I download Data over a restAPI and wrote a module. The download takes lets say 10sec. During this time, the rest of the script in 'main' and in the module is not running until the download is finished. How can I change it, e.g. by processing it in another core?
I tried this code but it does not do the trick (same lag). Then I tried to implement this approach and it just gives me errors, as I suspect it 'map' does not work with 'wget.download'?
My code from the module:
from multiprocessing.dummy import Pool as ThreadPool
import urllib.parse
#define the needed data
function='TIME_SERIES_INTRADAY_EXTENDED'
symbol='IBM'
interval='1min'
slice='year1month1'
adjusted='true'
apikey= key[0].rstrip()
#create URL
SCHEME = os.environ.get("API_SCHEME", "https")
NETLOC = os.environ.get("API_NETLOC", "www.alphavantage.co") #query?
PATH = os.environ.get("API_PATH","query")
query = urllib.parse.urlencode(dict(function=function, symbol=symbol, interval=interval, slice=slice, adjusted=adjusted, apikey=apikey))
url = urllib.parse.urlunsplit((SCHEME, NETLOC,PATH, query, ''))

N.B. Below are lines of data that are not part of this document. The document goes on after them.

lemma rat_mod_mult:
  assumes "p_integral CARD('p::prime_card) x" "p_integral CARD('p) y"
  shows "(rat_mod (x * y) :: 'p mod_ring) = rat_mod x * rat_mod y"
proof -
  obtain a b c d where x: "x = of_int a / of_int b" "\<not> int CARD('p) dvd b"
    and y: "y = of_int c / of_int d" "\<not> int CARD('p) dvd d"
    using assms unfolding p_integral_def by blast
  then have "x * y = of_int (a * c) / of_int (b * d)" "\<not> int CARD('p) dvd b * d"
    using prime_card_int[where 'a='p] by (auto simp: prime_dvd_mult_iff)
  then have "(rat_mod (x * y) :: 'p mod_ring) = of_int (a * c) / of_int (b * d)"
    by (rule rat_mod_eq)
  then show ?thesis
    by (simp add: rat_mod_eq[OF x] rat_mod_eq[OF y])
qed

lemma p_integral_if_rat_mod_eq_0:
  assumes "p_integral CARD('p::prime_card) (of_nat CARD('p) * y)"
    and "(rat_mod (of_nat CARD('p) * y) :: 'p mod_ring) = 0"
  shows "p_integral CARD('p) y"
proof -
  obtain a b where ab: "of_nat CARD('p) * y = of_int a / of_int b" "\<not> int CARD('p) dvd b"
    using assms(1) unfolding p_integral_def by blast
  then have "int CARD('p) dvd a"
    using assms(2) by (simp add: rat_mod_eq of_int_mod_ring_eq_0_iff)
  then obtain k where "a = int CARD('p) * k"
    by blast
  with ab(1) have "of_nat CARD('p) * y = of_nat CARD('p) * (of_int k / of_int b)"
    by simp
  then have "y = of_int k / of_int b"
    by (subst (asm) mult_left_cancel) simp_all
  with ab(2) show ?thesis
    unfolding p_integral_def by blast
qed

lemma exists_primitive_scaling:
  fixes X :: "rat set"
  assumes "finite X" "1 \<in> X"
  obtains m :: int where "\<And>x. x \<in> X \<Longrightarrow> p_integral CARD('p::prime_card) (of_int m * x)"
    "\<exists>x\<in>X. (rat_mod (of_int m * x) :: 'p mod_ring) \<noteq> 0"
proof -
  let ?p = "CARD('p)"
  have prime: "prime ?p"
    by (rule prime_card)
  define E where "E = {e. \<forall>x\<in>X. p_integral ?p (of_nat ?p ^ e * x)}"
  obtain ex where ex: "\<And>x. p_integral ?p (of_nat ?p ^ ex x * x)"
    using p_integral_power_mult[OF prime] by metis
  have "sum ex X \<in> E"
    unfolding E_def using p_integral_power_mult_mono[OF prime ex] member_le_sum[OF _ _ assms(1)] by blast
  \<comment> \<open>By minimality of e, some element of X is not p-integral after scaling by p^(e - 1).\<close>
  define e where "e = (LEAST e. e \<in> E)"
  have "e \<in> E"
    unfolding e_def using \<open>sum ex X \<in> E\<close> by (rule LeastI)
  then have integral: "p_integral ?p (of_int (int ?p ^ e) * x)" if "x \<in> X" for x
    using that unfolding E_def by simp
  have "\<exists>x\<in>X. (rat_mod (of_int (int ?p ^ e) * x) :: 'p mod_ring) \<noteq> 0"
  proof (cases e)
    case 0
    with assms(2) show ?thesis
      by force
  next
    case (Suc e')
    then have "e' \<notin> E"
      using not_less_Least[of e' "\<lambda>e. e \<in> E"] by (simp add: e_def)
    then obtain x where x: "x \<in> X" "\<not> p_integral ?p (of_nat ?p ^ e' * x)"
      unfolding E_def by blast
    have "of_int (int ?p ^ e) * x = of_nat ?p * (of_nat ?p ^ e' * x)"
      by (simp add: Suc)
    then show ?thesis
      using x integral[OF x(1)] p_integral_if_rat_mod_eq_0 by metis
  qed
  with integral show ?thesis
    by (rule that)
qed

section \<open>Reduction of polynomials modulo a prime\<close>

definition p_integral_poly :: "nat \<Rightarrow> ('v, rat) mpoly \<Rightarrow> bool" where
  "p_integral_poly p F \<longleftrightarrow> (\<forall>t. p_integral p (Poly_Mapping.lookup F t))"

lemma p_integral_poly_add:
  "prime p \<Longrightarrow> p_integral_poly p F \<Longrightarrow> p_integral_poly p H \<Longrightarrow> p_integral_poly p (F + H)"
  by (simp add: p_integral_poly_def lookup_add p_integral_add)

lemma p_integral_poly_diff:
  "prime p \<Longrightarrow> p_integral_poly p F \<Longrightarrow> p_integral_poly p H \<Longrightarrow> p_integral_poly p (F - H)"
  by (simp add: p_integral_poly_def lookup_minus p_integral_diff)

lemma p_integral_poly_single_mult:
  assumes "prime p" "p_integral p c" "p_integral_poly p F"
  shows "p_integral_poly p (Poly_Mapping.single u c * F)"
  using assms p_integral_mult p_integral_of_int[OF assms(1), of 0]
  by (simp add: p_integral_poly_def lookup_single_mult)

lemma p_integral_poly_if_good:
  assumes "good ord I p" "g \<in> reduced_GB ord I"
  shows "p_integral_poly p g"
  unfolding p_integral_poly_def
proof
  fix t
  show "p_integral p (Poly_Mapping.lookup g t)"
  proof (cases "t \<in> Poly_Mapping.keys g")
    case True
    then have "snd (quotient_of (Poly_Mapping.lookup g t)) dvd den_poly g"
      unfolding den_poly_def by (intro dvd_Lcm) blast
    also have "den_poly g dvd den_set (reduced_GB ord I)"
      unfolding den_set_def using assms(2) by (intro dvd_Lcm) blast
    finally show ?thesis
      using assms(1) unfolding good_def by (metis dvd_trans p_integral_if_not_dvd_denominator)
  next
    case False
    moreover have "\<not> int p dvd 1"
      using assms(1) unfolding good_def by (metis one_dvd dvd_trans)
    ultimately show ?thesis
      unfolding p_integral_def by (intro exI[of _ 0] exI[of _ 1]) (simp add: in_keys_iff)
  qed
qed

lemma lookup_pi_mod [simp]:
  "Poly_Mapping.lookup (pi_mod F :: ('v, 'p::prime_card mod_ring) mpoly) t = rat_mod (Poly_Mapping.lookup F t)"
  by (simp add: pi_mod_def map.rep_eq when_def)

lemma keys_pi_mod_subset: "Poly_Mapping.keys (pi_mod F :: ('v, 'p::prime_card mod_ring) mpoly) \<subseteq> Poly_Mapping.keys F"
  by (auto simp: in_keys_iff)

lemma pi_mod_zero [simp]: "(pi_mod 0 :: ('v, 'p::prime_card mod_ring) mpoly) = 0"
  by (simp add: poly_mapping_eq_iff fun_eq_iff)

lemma pi_mod_add:
  assumes "p_integral_poly CARD('p::prime_card) F" "p_integral_poly CARD('p) H"
  shows "(pi_mod (F + H) :: ('v, 'p mod_ring) mpoly) = pi_mod F + pi_mod H"
  using assms by (simp add: poly_mapping_eq_iff fun_eq_iff lookup_add rat_mod_add p_integral_poly_def)

lemma pi_mod_single_mult:
  assumes "p_integral CARD('p::prime_card) c" "p_integral_poly CARD('p) F"
  shows "(pi_mod (Poly_Mapping.single u c * F) :: ('v, 'p mod_ring) mpoly) =
    Poly_Mapping.single u (rat_mod c) * pi_mod F"
  using assms by (simp add: poly_mapping_eq_iff fun_eq_iff lookup_single_mult rat_mod_mult p_integral_poly_def)

lemma single_add_induct:
  assumes "P 0" "\<And>k c f. P f \<Longrightarrow> P (Poly_Mapping.single k c + f)"
  shows "P f"
proof (induction f rule: Poly_Mapping.update_induct)
  case (update f a b)
  then have "Poly_Mapping.update a b f = Poly_Mapping.single a b + f"
    by (auto simp: poly_mapping_eq_iff fun_eq_iff lookup_update lookup_add lookup_single in_keys_iff)
  with update.IH show ?case
    by (simp add: assms(2))
qed (rule assms(1))

lemma is_ideal_pi_mod_image:
  fixes I :: "('v, rat) mpoly set"
  assumes "is_ideal I"
  shows "is_ideal (pi_mod ` {F \<in> I. p_integral_poly CARD('p::prime_card) F} :: ('v, 'p mod_ring) mpoly set)"
    (is "is_ideal ?J")
proof -
  have prime: "prime CARD('p)"
    by (rule prime_card)
  have zero: "0 \<in> ?J"
    using ideal_zero[OF assms] p_integral_of_int[OF prime, of 0] by (force simp: p_integral_poly_def)
  have add: "f + g \<in> ?J" if fg: "f \<in> ?J" "g \<in> ?J" for f g
  proof -
    obtain F G where "f = pi_mod F" "F \<in> I" "p_integral_poly CARD('p) F"
      and "g = pi_mod G" "G \<in> I" "p_integral_poly CARD('p) G"
      using fg by blast
    then have "f + g = pi_mod (F + G)" "F + G \<in> I" "p_integral_poly CARD('p) (F + G)"
      by (simp_all add: pi_mod_add ideal_add[OF assms] p_integral_poly_add[OF prime])
    then show ?thesis
      by blast
  qed
  have "h * f \<in> ?J" if "f \<in> ?J" for f h
  proof (induction h rule: single_add_induct)
    case (2 k c h)
    obtain F where F: "f = pi_mod F" "F \<in> I" "p_integral_poly CARD('p) F"
      using \<open>f \<in> ?J\<close> by blast
    define c' :: rat where "c' = of_int (to_int_mod_ring c)"
    have "p_integral CARD('p) c'" "rat_mod c' = c"
      using p_integral_of_int[OF prime] by (simp_all add: c'_def of_int_of_int_mod_ring)
    then have "Poly_Mapping.single k c * f = pi_mod (Poly_Mapping.single k c' * F)"
      "Poly_Mapping.single k c' * F \<in> I" "p_integral_poly CARD('p) (Poly_Mapping.single k c' * F)"
      using F ideal_mult[OF assms F(2)] by (simp_all add: pi_mod_single_mult p_integral_poly_single_mult[OF prime])
    then have "Poly_Mapping.single k c * f \<in> ?J"
      by blast
    with 2 show ?case
      by (simp add: distrib_right add)
  qed (simp add: zero)
  with zero add show ?thesis
    unfolding is_ideal_def by blast
qed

#this is my original code to download the data (working but slow and stopping the rest of the script)
wget.download(url, 'C:\\Users\\x\\Desktop\\Tool\\RAWdata\\test.csv')
#this is my attempt to speed things up via multithreading from code
pool = ThreadPool(4)
if __name__ == '__main__':
futures = []
for x in range(1):
futures.append(pool.apply_async(wget.download, url,'C:\\Users\\x\\Desktop\\Tool\\RAWdata\\test.csv']))
# futures is now a list of 10 futures.
for future in futures:
print(future.get())
any suggestions or do you see the error i make?